統合失調症では外的な刺激や内的な表象に対して過剰なsalience(重要と感じること、ハッと注意を惹きつけられること)を感じ取ってしまうことにより、妄想や幻聴などの症状が引き起こされると想定されています(異常Salience仮説:Kapur, 2003)。一方、このようなsalienceに関わる神経機構として、中脳-線条体のドーパミン神経、前部帯状回および島皮質からなるsalience network、視覚処理系、および聴覚処理系と、少なくとも4つの神経システムがあります。
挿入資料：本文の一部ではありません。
lemma transcript_eq_transcript_at:
  assumes "\<forall>i<k. \<not> is_done (stage_at W A B (map r [0..<M]) i)"
  shows "transcript (lcp_protocol W M) A B r (2*k) = transcript_at W A B (map r [0..<M]) k"
  using assms
proof (induction k)
  case 0
  then show ?case by simp
next
  case (Suc k)
  let ?xs = "map r [0..<M]"
  have IH: "transcript (lcp_protocol W M) A B r (2*k) = transcript_at W A B ?xs k" using Suc by simp
  have nd: "\<not> is_done (stage_at W A B ?xs k)" using Suc.prems by simp
  let ?a = "alice_message W A ?xs (stage_at W A B ?xs k)"
  have t1: "transcript (lcp_protocol W M) A B r (Suc (2*k)) = transcript_at W A B ?xs k @ [?a]"
    using IH nd by (simp add: lcp_protocol_def length_transcript_at replay_transcript_at)
  have "transcript (lcp_protocol W M) A B r (Suc (Suc (2*k)))
      = transcript_at W A B ?xs k @ [?a] @ [bob_message W B ?xs (stage_at W A B ?xs k) ?a]"
    using t1
    by (simp add: lcp_protocol_def length_transcript_at replay_append_single replay_transcript_at)
  then show ?case by (simp add: Let_def)
qed

lemma good_run_transcript_at:
  assumes "\<forall>i<k. \<not> is_done (stage_at W A B (map r [0..<M]) i)"
    and "stage_at W A B (map r [0..<M]) k = Done ans"
    and "real (2*k) \<le> R" "real (sum_list (map length (transcript_at W A B (map r [0..<M]) k))) \<le> Bits"
  shows "good_run (lcp_protocol W M) A B ans R Bits r"
  unfolding good_run_def
  using assms transcript_eq_transcript_at[OF assms(1)]
  by (intro exI[of _ "2*k"])
    (simp add: lcp_protocol_def length_transcript_at replay_transcript_at is_done_def stage_output_def)

lemma bits_transcript_at_Suc:
  "sum_list (map length (transcript_at W A B xs (Suc k))) = sum_list (map length (transcript_at W A B xs k))
    + length (alice_message W A xs (stage_at W A B xs k))
    + length (bob_message W B xs (stage_at W A B xs k) (alice_message W A xs (stage_at W A B xs k)))"
  by (simp add: Let_def)

lemma alice_message_Doubling:
  "alice_message W A xs (Doubling k)
    = hash_bits W 8 to_nat 0 (block (3*W*8) xs k) (phrase_prefix (end_marked False A) (2^k - 1))"
  by (simp add: alice_message_def)

lemma length_alice_message_Search: "length (alice_message W A xs (Search K i c h)) = 24"
  by (simp add: alice_message_def Let_def)

lemma length_bob_message_Doubling: "length (bob_message W B xs (Doubling k) am) = 1"
  by (simp add: bob_message_def Let_def)

lemma length_bob_message_Search: "length (bob_message W B xs (Search K i c h) am) = 3"
  by (simp add: bob_message_def Let_def)

lemma transcript_lcp_protocol_cong:
  assumes "map r [0..<M] = map r' [0..<M]"
  shows "transcript (lcp_protocol W M) A B r k = transcript (lcp_protocol W M) A B r' k"
  by (induction k) (simp_all add: lcp_protocol_def Let_def assms del: map_eq_conv)

lemma measure_good_run_lcp_protocol:
  "measure coins {r \<in> space coins. good_run (lcp_protocol W M) A B ans R Bits r}
    = prob_bits M (\<lambda>xs. good_run (lcp_protocol W M) A B ans R Bits (coins_of_list xs))"
proof -
  have "good_run (lcp_protocol W M) A B ans R Bits r
      = good_run (lcp_protocol W M) A B ans R Bits (coins_of_list (map r [0..<M]))" for r
    using transcript_lcp_protocol_cong[of r M "coins_of_list (map r [0..<M])" W A B]
    unfolding good_run_def by (simp add: map_coins_of_list lcp_protocol_def)
  then show ?thesis
    using measure_coins_prefix_event[where m=M and
        Q="\<lambda>xs. good_run (lcp_protocol W M) A B ans R Bits (coins_of_list xs)"]
    by simp
qed

section \<open>Analysis of the protocol\<close>

text \<open>The hash tables are indexed by the codes of all end-marked strings of length at most
  \<open>n + 1\<close>, of which there are finitely many since the alphabet is finite.\<close>
definition code_bound :: "'a::finite itself \<Rightarrow> nat \<Rightarrow> nat" where
  "code_bound _ n = Suc (Max (to_nat ` {w :: ('a + bool) list. length w \<le> Suc n}))"

lemma to_nat_less_code_bound:
  "length (w :: ('a::finite + bool) list) \<le> Suc n \<Longrightarrow> to_nat w < code_bound TYPE('a) n"
proof -
  assume "length w \<le> Suc n"
  moreover have "finite {w :: ('a + bool) list. length w \<le> Suc n}"
    using finite_lists_length_le[of "UNIV :: ('a + bool) set" "Suc n"] by simp
  ultimately have "to_nat w \<le> Max (to_nat ` {w :: ('a + bool) list. length w \<le> Suc n})"
    by (intro Max_ge) auto
  then show ?thesis unfolding code_bound_def by simp
qed

definition hash_test :: "nat \<Rightarrow> 'a::finite list \<Rightarrow> 'a list \<Rightarrow> nat \<Rightarrow> nat \<Rightarrow> bool list \<Rightarrow> bool" where
  "hash_test W A B i p z \<longleftrightarrow>
     hash_bits W 8 to_nat i z (phrase_prefix (end_marked False A) p)
     = hash_bits W 8 to_nat i z (phrase_prefix (end_marked True B) p)"

lemma hash_test_if_le: "p \<le> lcp_phrase A B \<Longrightarrow> hash_test W A B i p z"
  unfolding hash_test_def using phrase_prefix_eq_iff by metis

lemma prob_hash_test_wrong:
  fixes A B :: "'a::finite list"
  assumes "length A \<le> n" "length B \<le> n" "i < 3"
  defines "W \<equiv> code_bound TYPE('a) n"
  shows "prob_bits (3 * W * 8) (\<lambda>z. hash_test W A B i p z \<noteq> (p \<le> lcp_phrase A B)) \<le> 1/256"
proof (cases "p \<le> lcp_phrase A B")
  case True
  then show ?thesis unfolding prob_bits_def using hash_test_if_le[OF True] by simp
next
  case False
  let ?a = "phrase_prefix (end_marked False A) p" and ?b = "phrase_prefix (end_marked True B) p"
  have "?a \<noteq> ?b" using False phrase_prefix_eq_iff by metis
  moreover have "length ?a \<le> Suc n" "length ?b \<le> Suc n"
    using length_phrase_prefix_le[of "end_marked False A" p]
      length_phrase_prefix_le[of "end_marked True B" p] assms by simp_all
  ultimately have "prob_bits (3 * W * 8) (\<lambda>z. hash_test W A B i p z) = 1 / 2 ^ 8"
    unfolding hash_test_def W_def
    by (intro prob_hash_bits_collision) (use to_nat_less_code_bound assms(3) in auto)
  then show ?thesis using False by simp
qed
(* Let $w \in S_n$. If $w$ contains a $321$ pattern, then the Schubert polynomial $\mathfrak{S}_w$ is not a complete homogeneous monomial.
   Context: $h^i_j$ is the complete homogeneous symmetric polynomial of degree $j$ in $x_1,\dots,x_i$; a complete homogeneous monomial is a product $h^1_{a_1}h^2_{a_2}\cdots$ with nonnegative integers $a_i$, finitely many nonzero. Schubert polynomials: $\mathfrak{S}_{w_0} = x_1^{n-1}\cdots x_{n-1}$ for the longest $w_0 \in S_n$, and $\partial_i\mathfrak{S}_w = \mathfrak{S}_{ws_i}$ if $\ell(ws_i)=\ell(w)-1$, $0$ otherwise, where $\partial_i f = (f-s_if)/(x_i-x_{i+1})$. $w$ contains a $321$ pattern if there are $i<j<k$ with $w(i)>w(j)>w(k)$. *)

theory Defs
  imports "HOL-Library.Poly_Mapping" "HOL-Combinatorics.Combinatorics"
begin

text \<open>Polynomials in variables x_1, x_2, ... (indexed by nat) with integer coefficients:
  maps from exponent vectors (nat =>0 nat) to coefficients.\<close>
type_synonym mpoly = "(nat \<Rightarrow>\<^sub>0 nat) \<Rightarrow>\<^sub>0 int"

definition var :: "nat \<Rightarrow> mpoly" where
  "var i = Poly_Mapping.single (Poly_Mapping.single i 1) 1"

definition mono :: "(nat \<Rightarrow>\<^sub>0 nat) \<Rightarrow> mpoly" where
  "mono m = Poly_Mapping.single m 1"

definition swap_exp :: "nat \<Rightarrow> (nat \<Rightarrow>\<^sub>0 nat) \<Rightarrow> (nat \<Rightarrow>\<^sub>0 nat)" where
  "swap_exp i m = Abs_poly_mapping (\<lambda>k. Poly_Mapping.lookup m (transpose i (Suc i) k))"

definition swap_var :: "nat \<Rightarrow> mpoly \<Rightarrow> mpoly" where
  "swap_var i f = Abs_poly_mapping (\<lambda>m. Poly_Mapping.lookup f (swap_exp i m))"

definition divdiff :: "nat \<Rightarrow> mpoly \<Rightarrow> mpoly" where
  "divdiff i f = (THE g. (var i - var (Suc i)) * g = f - swap_var i f)"

definition inv_len :: "nat \<Rightarrow> (nat \<Rightarrow> nat) \<Rightarrow> nat" where
  "inv_len n w = card {(i, j). 1 \<le> i \<and> i < j \<and> j \<le> n \<and> w i > w j}"

definition longest :: "nat \<Rightarrow> nat \<Rightarrow> nat" where
  "longest n i = (if i \<in> {1..n} then n + 1 - i else i)"

definition is_schubert_family :: "nat \<Rightarrow> ((nat \<Rightarrow> nat) \<Rightarrow> mpoly) \<Rightarrow> bool" where
  "is_schubert_family n S \<longleftrightarrow>
     S (longest n) = (\<Prod>i\<in>{1..<n}. var i ^ (n - i)) \<and>
     (\<forall>w i. w permutes {1..n} \<longrightarrow> 1 \<le> i \<longrightarrow> i < n \<longrightarrow>
        divdiff i (S w) =
          (if inv_len n (w \<circ> transpose i (Suc i)) + 1 = inv_len n w
           then S (w \<circ> transpose i (Suc i)) else 0))"

definition complete_h :: "nat \<Rightarrow> nat \<Rightarrow> mpoly" where
  "complete_h i j = (\<Sum>m\<in>{m. Poly_Mapping.keys m \<subseteq> {1..i} \<and> (\<Sum>k\<in>{1..i}. Poly_Mapping.lookup m k) = j}. mono m)"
脳内に類似の性質を処理するシステムが4つも独立して存在するとは考えにくく、互いに協調しているか、同じ作動原理が働いているか、あるいはその両方である可能性があります。
本研究課題では、これら4つのsalienceシステムが、脳内で統合されて機能しているとする「統合salienceモデル」に基づき、統合失調症のネットワーク病態を明らかにすることを目的としています。

1) 機能的MRIデータを用いて、4つのsalience間の動的な結合性と、それらと妄想・幻視・幻聴とのかかわりを明らかにする。
2) 機能的MRIデータと拡散MRIデータを統合的に用い、4つのsalienceを説明する機能的・構造的モデルを明らかにする。
3) 4 つのsalienceを、Bayesモデルという単一の作動原理を用いて統一的に記述し、妄想・幻視・幻聴の計算論的バイオマーカー開発につなげる。

文献

  1. Miyata J (2019)
    Toward integrated understanding of salience in psychosis.
    Neurobiology of Disease 131: 104414.
  2. Mori Y, Miyata J, Isobe M, Son S, Yoshihara Y, Aso T, et al. (2018)
    Effect of phase-encoding direction on group analysis of resting-state functional  magnetic resonance imaging.
    Psychiatry Clin Neurosci 72(9): 683-91.
  3. Son S, Miyata J, Mori Y, Isobe M, Urayama S-I, Aso T, et al. (2017)
    Lateralization of intrinsic frontoparietal network connectivity and symptoms in schizophrenia.
    Psychiatry Res Neuroimaging 260: 23-8.
  4. Kubota M, Miyata J, Sasamoto A, Sugihara G, Yoshida H, Kawada R, et al. (2013) Thalamocortical disconnection in the orbitofrontal region associated with cortical thinning in schizophrenia.
    JAMA Psychiatry 70(1): 12-21.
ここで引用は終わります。